If Facebook and Paypal got married, their child would be Venmo, a peer-to-peer payment app. You can send messages, post status updates, and there is even a Facebook-like newsfeed where you can look at your friends’ transactions (just the memo for the transaction, not the amount). “Just Venmo me” is fast becoming a part of the common vernacular as Generations Y and Z get hooked. This app has functions that surpass those of competitors like Popmoney and Paypal. The app supports sending, requesting, and receiving money, as well as reviewing past transactions. And the best part: Venmo is completely free. All data is sent over a 256-bit encrypted connection—the same encryption method used to protect classified government information. So you can feel rest assured that your bank account information is being kept safely.


Self-defined as “an online country club for people with more money than time, Netropolitan seems to be just that, minus the physical perks of an actual country club such as a golf course and clubhouse. The fee to join is $6,000, and an additional $3,000 annually in membership fees. “I saw a need for an environment where you could talk about the finer things in life without backlash,” states Touchi-Peters, the platform’s founder, without a touch of irony. Needless to say, this is a social media platform catered to those with deep pocket books. Surprisingly, however, Touchi-Peters may have been right about the so-called “need” for a social network of this sort. During its launch, the website crashed due to an abundance of traffic to the site. And given the high membership fees, the platform won’t ever need to be monetized, so it’s ad-free and likely to stay that way.


Path is Facebook on a smaller scale. The limit for the number of your contacts? 150. It’s an app for those who prefer conversing in group messages with their close friends and family. The platform forces you to narrow down your connections to those with whom you interact often. You can also interconnect with your other social networks such as Facebook, Twitter, Tumblr, Foursquare, and WordPress, grabbing your previous profile information, life events, and contacts from those platforms and adding it to the Path platform. Path also gives you some options not offered on other social medias, such as the ability to view those who have seen your post. And if you’re a fan of the “like” button on Facebook, then you’ll like that this app goes a step farther to give you some additional options: smile, frown, laugh, love, etc.


Created by a group of designers and artists as a response to Facebook. Ello offers up a social networking experience with greater privacy; it does not request real background information or even your real name, and the platform’s manifesto states that the currently ad-free platform will not collect user data to sell ads. You can mark people you’re following as a friend or noise and then you can sort your newsfeed to show one or the other. In terms of mutual interaction, your connections on Ello behave more like followers. Right from the start Ello has had an impressive reception, despite only being in beta and invitation-only. Last week it was adding 45,000 new users every hour. If you can’t snag an invitation yourself and you don’t want to wait for the platform to open up to the public, invitations are selling on Ebay for a whopping $5,000.

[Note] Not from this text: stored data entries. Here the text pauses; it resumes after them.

(* Let $t\ge2$, let $A_t$ be the adjacency matrix of the cycle $C_{2t+1}$ and let $\lambda_t$ be the least eigenvalue of $A_t$. Then the matrix $A_t-\lambda_tI$ is doubly nonnegative, its support graph is $C_{2t+1}$, and it admits no $\mathcal{N}^+$-factorization for any tracial von Neumann algebra $(\mathcal{N},\tau)$.
   Context: The cycle $C_k$ has vertex set $[k]$ with $u\sim v$ iff $u-v\equiv\pm1\pmod k$; its adjacency matrix is $\sum_{u\sim v}(e_ue_v^{T}+e_ve_u^{T})$ (sum over edges). A real symmetric matrix is doubly nonnegative if it is positive semidefinite and entrywise nonnegative. The support graph of a symmetric $n\times n$ matrix $X$ is the graph on $[n]$ with $u\sim v$ iff $u\neq v$ and $X_{uv}\neq0$. A tracial von Neumann algebra $(\mathcal{N},\tau)$ is a unital weak-operator-closed $*$-algebra of bounded operators on a Hilbert space with a linear functional $\tau$ satisfying $\tau(x^*x)\ge0$, $\tau(1)=1$, $\tau(x^*x)=0\Rightarrow x=0$, $\tau(xy)=\tau(yx)$, and weak-operator continuity on the unit ball. $\mathcal{N}^+=\{x^*x:x\in\mathcal{N}\}$. A matrix $X$ admits an $\mathcal{N}^+$-factorization if $X_{ij}=\tau(p_ip_j)$ for some $p_1,\dots,p_n\in\mathcal{N}^+$. *)

theory Defs
  imports "HOL-Analysis.Analysis"
begin

text \<open>An n x n real matrix is a function nat => nat => real, only entries with indices
  in {0..<n} being relevant. The vertex set [k] of the cycle is taken as {0..<k}.\<close>

definition cycle_adj :: "nat \<Rightarrow> nat \<Rightarrow> nat \<Rightarrow> bool" where
  "cycle_adj k u v \<longleftrightarrow> (Suc u) mod k = v \<or> (Suc v) mod k = u"

definition cycle_adjmat :: "nat \<Rightarrow> nat \<Rightarrow> nat \<Rightarrow> real" where
  "cycle_adjmat k u v = (if cycle_adj k u v then 1 else 0)"

definition idmat :: "nat \<Rightarrow> nat \<Rightarrow> real" where
  "idmat i j = (if i = j then 1 else 0)"

definition is_eigenvalue :: "nat \<Rightarrow> (nat \<Rightarrow> nat \<Rightarrow> real) \<Rightarrow> real \<Rightarrow> bool" where
  "is_eigenvalue n A lam \<longleftrightarrow>
     (\<exists>v::nat \<Rightarrow> real. (\<exists>i<n. v i \<noteq> 0) \<and>
        (\<forall>i<n. (\<Sum>j<n. A i j * v j) = lam * v i))"

definition is_least_eigenvalue :: "nat \<Rightarrow> (nat \<Rightarrow> nat \<Rightarrow> real) \<Rightarrow> real \<Rightarrow> bool" where
  "is_least_eigenvalue n A lam \<longleftrightarrow>
     is_eigenvalue n A lam \<and> (\<forall>mu. is_eigenvalue n A mu \<longrightarrow> lam \<le> mu)"

definition symmetric_mat :: "nat \<Rightarrow> (nat \<Rightarrow> nat \<Rightarrow> real) \<Rightarrow> bool" where
  "symmetric_mat n X \<longleftrightarrow> (\<forall>i<n. \<forall>j<n. X i j = X j i)"

definition psd :: "nat \<Rightarrow> (nat \<Rightarrow> nat \<Rightarrow> real) \<Rightarrow> bool" where
  "psd n X \<longleftrightarrow> symmetric_mat n X \<and>
     (\<forall>v::nat \<Rightarrow> real. 0 \<le> (\<Sum>i<n. \<Sum>j<n. v i * X i j * v j))"

definition doubly_nonnegative :: "nat \<Rightarrow> (nat \<Rightarrow> nat \<Rightarrow> real) \<Rightarrow> bool" where
  "doubly_nonnegative n X \<longleftrightarrow> psd n X \<and> (\<forall>i<n. \<forall>j<n. 0 \<le> X i j)"

definition support_adj :: "(nat \<Rightarrow> nat \<Rightarrow> real) \<Rightarrow> nat \<Rightarrow> nat \<Rightarrow> bool" where
  "support_adj X u v \<longleftrightarrow> u \<noteq> v \<and> X u v \<noteq> 0"

text \<open>A complex Hilbert space is modelled as a real Hilbert space ('h::{real_inner,complete_space})
  together with an orthogonal complex structure J (J o J = -id, J isometric); multiplication
  by the imaginary unit is J.  The complex inner product is then
  <x,y>_C = inner x y + i * inner x (J y) (up to convention), so the real inner product determines it.\<close>

definition complex_structure :: "('h::real_inner \<Rightarrow> 'h) \<Rightarrow> bool" where
  "complex_structure J \<longleftrightarrow> linear J \<and> (\<forall>x. J (J x) = - x) \<and> (\<forall>x y. inner (J x) (J y) = inner x y)"

definition bop :: "('h::real_inner \<Rightarrow> 'h) \<Rightarrow> ('h \<Rightarrow> 'h) \<Rightarrow> bool" where
  "bop J T \<longleftrightarrow> bounded_linear T \<and> (\<forall>x. T (J x) = J (T x))"

definition cscale :: "('h::real_vector \<Rightarrow> 'h) \<Rightarrow> complex \<Rightarrow> ('h \<Rightarrow> 'h) \<Rightarrow> ('h \<Rightarrow> 'h)" where
  "cscale J c T = (\<lambda>x. Re c *\<^sub>R T x + Im c *\<^sub>R J (T x))"

definition is_adjoint :: "('h::real_inner \<Rightarrow> 'h) \<Rightarrow> ('h \<Rightarrow> 'h) \<Rightarrow> bool" where
  "is_adjoint T S \<longleftrightarrow> (\<forall>x y. inner (T x) y = inner x (S y))"

definition adj :: "('h::real_inner \<Rightarrow> 'h) \<Rightarrow> ('h \<Rightarrow> 'h)" where
  "adj T = (THE S. is_adjoint T S)"

definition wot_closed :: "('h::real_inner \<Rightarrow> 'h) \<Rightarrow> ('h \<Rightarrow> 'h) set \<Rightarrow> bool" where
  "wot_closed J N \<longleftrightarrow>
     (\<forall>T. bop J T \<and>
        (\<forall>F::('h \<times> 'h) set. finite F \<longrightarrow> (\<forall>e>0. \<exists>S\<in>N. \<forall>(x,y)\<in>F. \<bar>inner (S x - T x) y\<bar> < e))
        \<longrightarrow> T \<in> N)"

These networks are tapping into the more specific needs of the daily consumer and thus rounding out many of the different facets of our online social interactions. The well-known Apple trademarked phrase, “There is an app for that,” has never been more appropriate.

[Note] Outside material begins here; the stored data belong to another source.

(* Let $A\in\mathfrak{H}_n$, $B\in\mathfrak{M}_n$, $N\in\mathbb{N}$. Then the $N$-approximant satisfies $\big(e^{tA/N}e^{B/N}\big)^N=\sum_{\lambda\in ch_N(\sigma(A))}e^{t\lambda}M_N(\{\lambda\})$ for all $t\in\mathbb{C}$, and the total variation of the discrete measure $M_N$ satisfies \[ \sum_{\lambda\in ch_N(\sigma(A))}\|M_N(\{\lambda\})\|\le n\,e^{n\|B\|}. \]
   Context: Let $\lambda_1,\dots,\lambda_l$ be the distinct eigenvalues of the Hermitian matrix $A$ and $E_{\lambda_1},\dots,E_{\lambda_l}$ the corresponding orthogonal spectral projectors. For $(k_1,\dots,k_N)\in\{1,\dots,l\}^N$, $M_{k_1,\dots,k_N}=E_{\lambda_{k_1}}e^{B/N}\cdots E_{\lambda_{k_N}}e^{B/N}$. The $N$-convex hull $ch_N(\sigma(A))$ is the set of all numbers $\sum_j\frac{n_j}{N}\lambda_j$ with $n_j$ non-negative integers, $n_1+\dots+n_l=N$. For $\lambda\in ch_N(\sigma(A))$, $M_N(\{\lambda\})=\sum M_{k_1,\dots,k_N}$ over all $(k_1,\dots,k_N)$ with $\frac{\lambda_{k_1}+\cdots+\lambda_{k_N}}{N}=\lambda$. $\|\cdot\|$ is the operator norm. *)

theory Defs
  imports "HOL-Analysis.Analysis"
begin

text \<open>Complex n x n matrices are rendered as complex^'n^'n (dimension n = CARD('n)).\<close>

definition hermitian :: "complex^'n^'n \<Rightarrow> bool" where
  "hermitian A \<longleftrightarrow> (\<forall>i j. A $ i $ j = cnj (A $ j $ i))"

definition cmat_adj :: "complex^'n^'n \<Rightarrow> complex^'n^'n" where
  "cmat_adj A = (\<chi> i j. cnj (A $ j $ i))"

definition cmat_scale :: "complex \<Rightarrow> complex^'n^'n \<Rightarrow> complex^'n^'n" where
  "cmat_scale c A = (\<chi> i j. c * A $ i $ j)"

fun matpow :: "complex^'n^'n \<Rightarrow> nat \<Rightarrow> complex^'n^'n" where
  "matpow M 0 = mat 1"
| "matpow M (Suc k) = M ** matpow M k"

definition mexp :: "complex^'n^'n \<Rightarrow> complex^'n^'n" where
  "mexp M = (\<Sum>k. scaleR (inverse (fact k)) (matpow M k))"

definition opnorm :: "complex^'n^'n \<Rightarrow> real" where
  "opnorm M = onorm (\<lambda>x. M *v x)"

definition spec :: "complex^'n^'n \<Rightarrow> complex set" where
  "spec A = {c. \<exists>v. v \<noteq> 0 \<and> A *v v = c *s v}"

definition spec_proj :: "complex^'n^'n \<Rightarrow> complex \<Rightarrow> complex^'n^'n" where
  "spec_proj A c = (THE E. E ** E = E \<and> cmat_adj E = E \<and>
       range (\<lambda>x. E *v x) = {v. A *v v = c *s v})"

definition chN :: "nat \<Rightarrow> complex set \<Rightarrow> complex set" where
  "chN N S = {\<Sum>\<mu>\<in>S. (of_nat (m \<mu>) / of_nat N) * \<mu> | m. (\<Sum>\<mu>\<in>S. m \<mu>) = N}"

text \<open>M_{k_1..k_N} = E_{k_1} e^{B/N} ... E_{k_N} e^{B/N}, indexed directly by the
  list of eigenvalues [lambda_{k_1},...,lambda_{k_N}].\<close>
definition Mword :: "complex^'n^'n \<Rightarrow> complex^'n^'n \<Rightarrow> nat \<Rightarrow> complex list \<Rightarrow> complex^'n^'n" where
  "Mword A B N ls = foldr (\<lambda>\<mu> P. spec_proj A \<mu> ** mexp (cmat_scale (1 / of_nat N) B) ** P) ls (mat 1)"

definition MN :: "complex^'n^'n \<Rightarrow> complex^'n^'n \<Rightarrow> nat \<Rightarrow> complex \<Rightarrow> complex^'n^'n" where
  "MN A B N c = (\<Sum>ls\<in>{ls. length ls = N \<and> set ls \<subseteq> spec A \<and> sum_list ls / of_nat N = c}.
                    Mword A B N ls)"

end

theory Submission
  imports Defs
begin

text \<open>Since \<open>A\<close> is Hermitian, a maximiser of its Rayleigh quotient on any invariant subspace is an
  eigenvector, so the eigenvectors span \<open>\<complex>\<^sup>n\<close> and \<open>e\<^bsup>sA\<^esup> = \<Sum>\<^sub>\<mu> e\<^bsup>s\<mu>\<^esup> E\<^sub>\<mu>\<close>
  with orthogonal spectral projectors \<open>E\<^sub>\<mu>\<close>. Expanding the \<open>N\<close>-fold product
  \<open>(\<Sum>\<^sub>\<mu> e\<^bsup>t\<mu>/N\<^esup> E\<^sub>\<mu> e\<^bsup>B/N\<^esup>)\<^sup>N\<close> over words \<open>\<mu>\<^sub>1\<dots>\<mu>\<^sub>N\<close> in the spectrum and grouping the
  words by their mean letter gives the identity.

  For the bound, a word factors into blocks \<open>E\<^sub>\<mu> e\<^bsup>B/N\<^esup> E\<^sub>\<nu>\<close>. For \<open>\<mu> \<noteq> \<nu>\<close> we have
  \<open>E\<^sub>\<mu> E\<^sub>\<nu> = 0\<close>, so \<open>e\<^bsup>B/N\<^esup>\<close> may be replaced by \<open>e\<^bsup>B/N\<^esup> - 1\<close>, of norm at most \<open>e\<^sup>\<beta> - 1\<close>
  where \<open>\<beta> = \<parallel>B\<parallel>/N\<close>; diagonal blocks have norm at most \<open>e\<^sup>\<beta>\<close>. Summing over all words yields
  \<open>l e\<^sup>\<beta> (e\<^sup>\<beta> + (l - 1)(e\<^sup>\<beta> - 1))\<^bsup>N-1\<^esup> \<le> l e\<^bsup>l\<beta>N\<^esup>\<close> by Bernoulli's inequality, where
  \<open>l \<le> n\<close> is the number of distinct eigenvalues.\<close>

section \<open>Operator norm and matrix exponential\<close>

lemma opnorm_mat_vec_le: "norm ((M::complex^'n^'n) *v x) \<le> opnorm M * norm x"
  unfolding opnorm_def by (rule onorm[OF matrix_vector_mul_bounded_linear])

lemma opnorm_nonneg: "0 \<le> opnorm (M::complex^'n^'n)"
  unfolding opnorm_def by (rule onorm_pos_le[OF matrix_vector_mul_bounded_linear])

lemma opnorm_le: "(\<And>x. norm ((M::complex^'n^'n) *v x) \<le> c * norm x) \<Longrightarrow> opnorm M \<le> c"
  unfolding opnorm_def by (rule onorm_le)

lemma opnorm_mult_le: "opnorm ((M::complex^'n^'n) ** P) \<le> opnorm M * opnorm P"
proof -
  have "(*v) (M ** P) = (*v) M \<circ> (*v) P"
    by (simp add: fun_eq_iff matrix_vector_mul_assoc)
  then show ?thesis
    unfolding opnorm_def by (metis onorm_compose matrix_vector_mul_bounded_linear)
qed

lemma opnorm_mat_1_le: "opnorm (mat 1 :: complex^'n^'n) \<le> 1"
  by (rule opnorm_le) simp

lemma sum_mat_vec: "(\<Sum>i\<in>S. (f i::complex^'n^'n)) *v x = (\<Sum>i\<in>S. f i *v x)"
  by (induction S rule: infinite_finite_induct) (simp_all add: matrix_vector_mult_add_rdistrib)

lemma opnorm_sum_le:
  "finite S \<Longrightarrow> opnorm (\<Sum>i\<in>S. (f i::complex^'n^'n)) \<le> (\<Sum>i\<in>S. opnorm (f i))"
  unfolding opnorm_def sum_mat_vec by (rule onorm_sum) simp_all

lemma cmat_scale_mat_vec: "cmat_scale c M *v x = c *s (M *v x)"
  by (simp add: cmat_scale_def matrix_vector_mult_def vec_eq_iff sum_distrib_left mult.assoc)

lemma mat_vec_scaleR: "(M::complex^'n^'n) *v (r *\<^sub>R x) = r *\<^sub>R (M *v x)"
  by (simp add: vec_eq_iff matrix_vector_mult_def scaleR_sum_right)

lemma mat_vec_smult: "(M::complex^'n^'n) *v (c *s x) = c *s (M *v x)"
  by (simp add: vec_eq_iff matrix_vector_mult_def sum_distrib_left mult_ac)

lemma norm_vector_smult: "norm (c *s (x::complex^'n)) = cmod c * norm x"
  by (simp add: scalar_mult_eq_scaleR norm_vec_def norm_mult L2_set_right_distrib)

lemma opnorm_cmat_scale_le: "opnorm (cmat_scale c (M::complex^'n^'n)) \<le> cmod c * opnorm M"
  by (rule opnorm_le)
    (simp add: cmat_scale_mat_vec norm_vector_smult mult.assoc mult_left_mono opnorm_mat_vec_le)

How to Get the Twitter Handle You Really Want


With over half a million new Twitter accounts created every single day and Twitter being one of the most used messaging services in the world, chances are the Twitter handle you really wanted was probably already taken. What’s even more frustrating is that many of these Twitter handles are created, then abandoned or never actually active on the platform.

When we started Everypost, the Twitter handle @everypost was already taken and appeared to be inactive. So we decided to start out with the handle @everypostme, while we figured out how we could eventually take over the @everypost username. It took several months, but eventually we were able to do it. So what are your options if you’re in the same situation?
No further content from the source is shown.